## Task to complete:
Which lines in the data below contain the word "Words"? Return each of them.

## Information provided:
####

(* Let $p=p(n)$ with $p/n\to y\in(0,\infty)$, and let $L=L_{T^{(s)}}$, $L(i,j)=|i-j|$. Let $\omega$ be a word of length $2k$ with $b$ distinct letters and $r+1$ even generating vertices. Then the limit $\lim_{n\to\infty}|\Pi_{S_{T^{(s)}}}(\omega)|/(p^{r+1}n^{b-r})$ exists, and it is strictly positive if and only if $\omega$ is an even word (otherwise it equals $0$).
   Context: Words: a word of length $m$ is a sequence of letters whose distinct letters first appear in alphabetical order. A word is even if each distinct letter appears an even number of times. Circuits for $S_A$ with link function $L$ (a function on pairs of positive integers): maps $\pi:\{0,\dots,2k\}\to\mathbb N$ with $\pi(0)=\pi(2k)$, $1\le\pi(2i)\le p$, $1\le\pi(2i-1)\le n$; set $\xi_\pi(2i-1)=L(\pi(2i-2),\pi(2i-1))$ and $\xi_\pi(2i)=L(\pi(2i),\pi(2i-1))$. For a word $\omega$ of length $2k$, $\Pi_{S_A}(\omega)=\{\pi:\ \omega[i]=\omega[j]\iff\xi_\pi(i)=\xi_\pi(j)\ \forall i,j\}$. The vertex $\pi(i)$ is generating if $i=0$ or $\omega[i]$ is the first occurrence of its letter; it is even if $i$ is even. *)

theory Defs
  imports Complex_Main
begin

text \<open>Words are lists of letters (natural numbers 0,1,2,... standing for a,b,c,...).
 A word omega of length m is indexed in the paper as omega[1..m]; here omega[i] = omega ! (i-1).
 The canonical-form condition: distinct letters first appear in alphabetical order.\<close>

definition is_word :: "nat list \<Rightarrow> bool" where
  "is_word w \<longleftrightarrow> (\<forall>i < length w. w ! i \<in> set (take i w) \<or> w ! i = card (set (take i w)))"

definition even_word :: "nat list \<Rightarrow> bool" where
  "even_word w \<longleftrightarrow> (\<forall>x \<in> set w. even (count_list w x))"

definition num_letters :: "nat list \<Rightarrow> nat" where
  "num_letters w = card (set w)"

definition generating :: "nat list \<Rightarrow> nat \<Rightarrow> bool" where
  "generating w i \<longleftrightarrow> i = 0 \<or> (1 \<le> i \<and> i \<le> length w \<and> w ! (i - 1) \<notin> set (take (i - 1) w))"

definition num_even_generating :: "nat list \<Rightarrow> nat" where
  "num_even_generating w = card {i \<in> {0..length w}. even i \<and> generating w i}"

####

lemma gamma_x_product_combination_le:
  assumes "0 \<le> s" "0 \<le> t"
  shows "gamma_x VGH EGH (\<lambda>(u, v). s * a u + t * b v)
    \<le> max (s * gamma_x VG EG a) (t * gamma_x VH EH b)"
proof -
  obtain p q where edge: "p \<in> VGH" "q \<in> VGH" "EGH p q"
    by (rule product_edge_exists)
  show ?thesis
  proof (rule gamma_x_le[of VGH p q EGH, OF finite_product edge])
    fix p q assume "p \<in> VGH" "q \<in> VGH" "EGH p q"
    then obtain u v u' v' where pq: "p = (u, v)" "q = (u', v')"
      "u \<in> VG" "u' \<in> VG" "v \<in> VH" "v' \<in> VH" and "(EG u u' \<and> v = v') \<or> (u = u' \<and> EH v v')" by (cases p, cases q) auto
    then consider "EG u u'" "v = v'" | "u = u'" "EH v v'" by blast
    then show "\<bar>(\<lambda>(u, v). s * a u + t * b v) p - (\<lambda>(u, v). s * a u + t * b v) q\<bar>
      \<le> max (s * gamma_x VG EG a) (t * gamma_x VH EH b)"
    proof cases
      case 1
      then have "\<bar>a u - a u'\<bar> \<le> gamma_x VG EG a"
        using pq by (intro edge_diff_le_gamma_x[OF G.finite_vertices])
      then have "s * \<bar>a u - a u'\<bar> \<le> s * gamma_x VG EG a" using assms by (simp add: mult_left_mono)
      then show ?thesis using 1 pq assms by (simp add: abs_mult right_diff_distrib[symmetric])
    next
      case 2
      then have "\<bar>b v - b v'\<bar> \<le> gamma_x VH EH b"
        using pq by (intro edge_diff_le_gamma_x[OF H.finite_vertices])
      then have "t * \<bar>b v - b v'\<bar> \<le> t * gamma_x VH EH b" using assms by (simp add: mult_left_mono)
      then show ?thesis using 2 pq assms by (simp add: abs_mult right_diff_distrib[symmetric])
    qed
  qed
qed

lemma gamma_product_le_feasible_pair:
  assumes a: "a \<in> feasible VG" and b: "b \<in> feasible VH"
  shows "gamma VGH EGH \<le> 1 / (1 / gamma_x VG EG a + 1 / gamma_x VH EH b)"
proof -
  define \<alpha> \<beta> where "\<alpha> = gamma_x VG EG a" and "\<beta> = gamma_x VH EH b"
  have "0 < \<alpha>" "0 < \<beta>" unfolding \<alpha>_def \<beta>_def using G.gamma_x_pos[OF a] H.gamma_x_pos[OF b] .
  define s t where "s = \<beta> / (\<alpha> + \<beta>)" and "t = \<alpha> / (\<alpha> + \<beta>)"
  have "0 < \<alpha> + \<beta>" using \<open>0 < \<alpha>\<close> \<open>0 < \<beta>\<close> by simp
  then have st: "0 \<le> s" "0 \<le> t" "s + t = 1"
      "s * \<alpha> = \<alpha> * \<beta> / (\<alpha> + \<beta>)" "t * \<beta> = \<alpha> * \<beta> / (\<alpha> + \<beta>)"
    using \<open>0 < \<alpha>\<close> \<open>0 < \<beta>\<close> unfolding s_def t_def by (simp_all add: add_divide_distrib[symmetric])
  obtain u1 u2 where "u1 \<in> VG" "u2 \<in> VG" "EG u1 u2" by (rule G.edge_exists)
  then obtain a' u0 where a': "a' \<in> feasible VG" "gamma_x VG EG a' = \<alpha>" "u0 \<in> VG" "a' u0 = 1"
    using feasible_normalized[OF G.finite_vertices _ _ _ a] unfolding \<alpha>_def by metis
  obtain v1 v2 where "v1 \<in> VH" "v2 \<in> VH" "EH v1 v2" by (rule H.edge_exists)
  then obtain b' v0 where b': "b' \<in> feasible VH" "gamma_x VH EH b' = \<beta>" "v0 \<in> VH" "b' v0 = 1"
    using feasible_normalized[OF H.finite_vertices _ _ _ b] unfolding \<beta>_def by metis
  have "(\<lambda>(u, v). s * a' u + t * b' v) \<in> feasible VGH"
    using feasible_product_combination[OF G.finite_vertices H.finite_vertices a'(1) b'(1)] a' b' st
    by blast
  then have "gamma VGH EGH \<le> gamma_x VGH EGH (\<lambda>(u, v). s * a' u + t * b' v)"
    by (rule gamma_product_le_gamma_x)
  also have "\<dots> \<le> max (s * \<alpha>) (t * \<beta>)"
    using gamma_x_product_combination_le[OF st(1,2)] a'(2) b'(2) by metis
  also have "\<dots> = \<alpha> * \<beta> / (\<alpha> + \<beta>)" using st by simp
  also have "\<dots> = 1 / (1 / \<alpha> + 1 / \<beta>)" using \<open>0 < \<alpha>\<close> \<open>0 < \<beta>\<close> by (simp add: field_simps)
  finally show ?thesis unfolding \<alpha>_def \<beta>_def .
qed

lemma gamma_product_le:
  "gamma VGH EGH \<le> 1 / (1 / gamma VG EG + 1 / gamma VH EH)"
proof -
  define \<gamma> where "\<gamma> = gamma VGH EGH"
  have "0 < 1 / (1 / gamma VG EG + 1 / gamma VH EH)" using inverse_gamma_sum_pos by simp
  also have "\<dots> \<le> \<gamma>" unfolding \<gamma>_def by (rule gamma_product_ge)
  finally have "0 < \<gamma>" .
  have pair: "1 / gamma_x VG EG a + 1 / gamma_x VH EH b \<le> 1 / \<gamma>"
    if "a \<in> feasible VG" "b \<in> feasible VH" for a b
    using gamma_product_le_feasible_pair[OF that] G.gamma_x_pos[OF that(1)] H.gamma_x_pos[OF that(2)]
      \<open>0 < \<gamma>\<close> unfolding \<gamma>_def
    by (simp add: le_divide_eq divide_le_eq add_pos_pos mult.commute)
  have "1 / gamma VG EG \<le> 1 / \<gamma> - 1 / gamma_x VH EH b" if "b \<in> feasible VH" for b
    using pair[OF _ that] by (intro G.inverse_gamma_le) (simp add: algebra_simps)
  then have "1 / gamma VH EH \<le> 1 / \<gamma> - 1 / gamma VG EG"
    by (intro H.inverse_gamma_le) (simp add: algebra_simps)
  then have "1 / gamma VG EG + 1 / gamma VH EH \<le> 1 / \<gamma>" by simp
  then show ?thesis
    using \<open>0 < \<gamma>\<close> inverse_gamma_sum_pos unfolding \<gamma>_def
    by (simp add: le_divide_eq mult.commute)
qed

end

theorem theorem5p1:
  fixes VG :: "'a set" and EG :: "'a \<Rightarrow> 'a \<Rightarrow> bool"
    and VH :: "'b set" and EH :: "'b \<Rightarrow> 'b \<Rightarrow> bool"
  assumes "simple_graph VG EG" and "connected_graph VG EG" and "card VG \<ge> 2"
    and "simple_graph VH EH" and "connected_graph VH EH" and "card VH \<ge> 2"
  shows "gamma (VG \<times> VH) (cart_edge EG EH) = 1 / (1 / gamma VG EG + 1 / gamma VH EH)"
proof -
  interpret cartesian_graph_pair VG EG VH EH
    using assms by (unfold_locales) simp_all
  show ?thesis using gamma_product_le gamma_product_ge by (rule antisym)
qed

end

####

## Task solution:
   Context: Words: a word of length $m$ is a sequence of letters whose distinct letters first appear in alphabetical order. A word is even if each distinct letter appears an even number of times. Circuits for $S_A$ with link function $L$ (a function on pairs of positive integers): maps $\pi:\{0,\dots,2k\}\to\mathbb N$ with $\pi(0)=\pi(2k)$, $1\le\pi(2i)\le p$, $1\le\pi(2i-1)\le n$; set $\xi_\pi(2i-1)=L(\pi(2i-2),\pi(2i-1))$ and $\xi_\pi(2i)=L(\pi(2i),\pi(2i-1))$. For a word $\omega$ of length $2k$, $\Pi_{S_A}(\omega)=\{\pi:\ \omega[i]=\omega[j]\iff\xi_\pi(i)=\xi_\pi(j)\ \forall i,j\}$. The vertex $\pi(i)$ is generating if $i=0$ or $\omega[i]$ is the first occurrence of its letter; it is even if $i$ is even. *)
text \<open>Words are lists of letters (natural numbers 0,1,2,... standing for a,b,c,...).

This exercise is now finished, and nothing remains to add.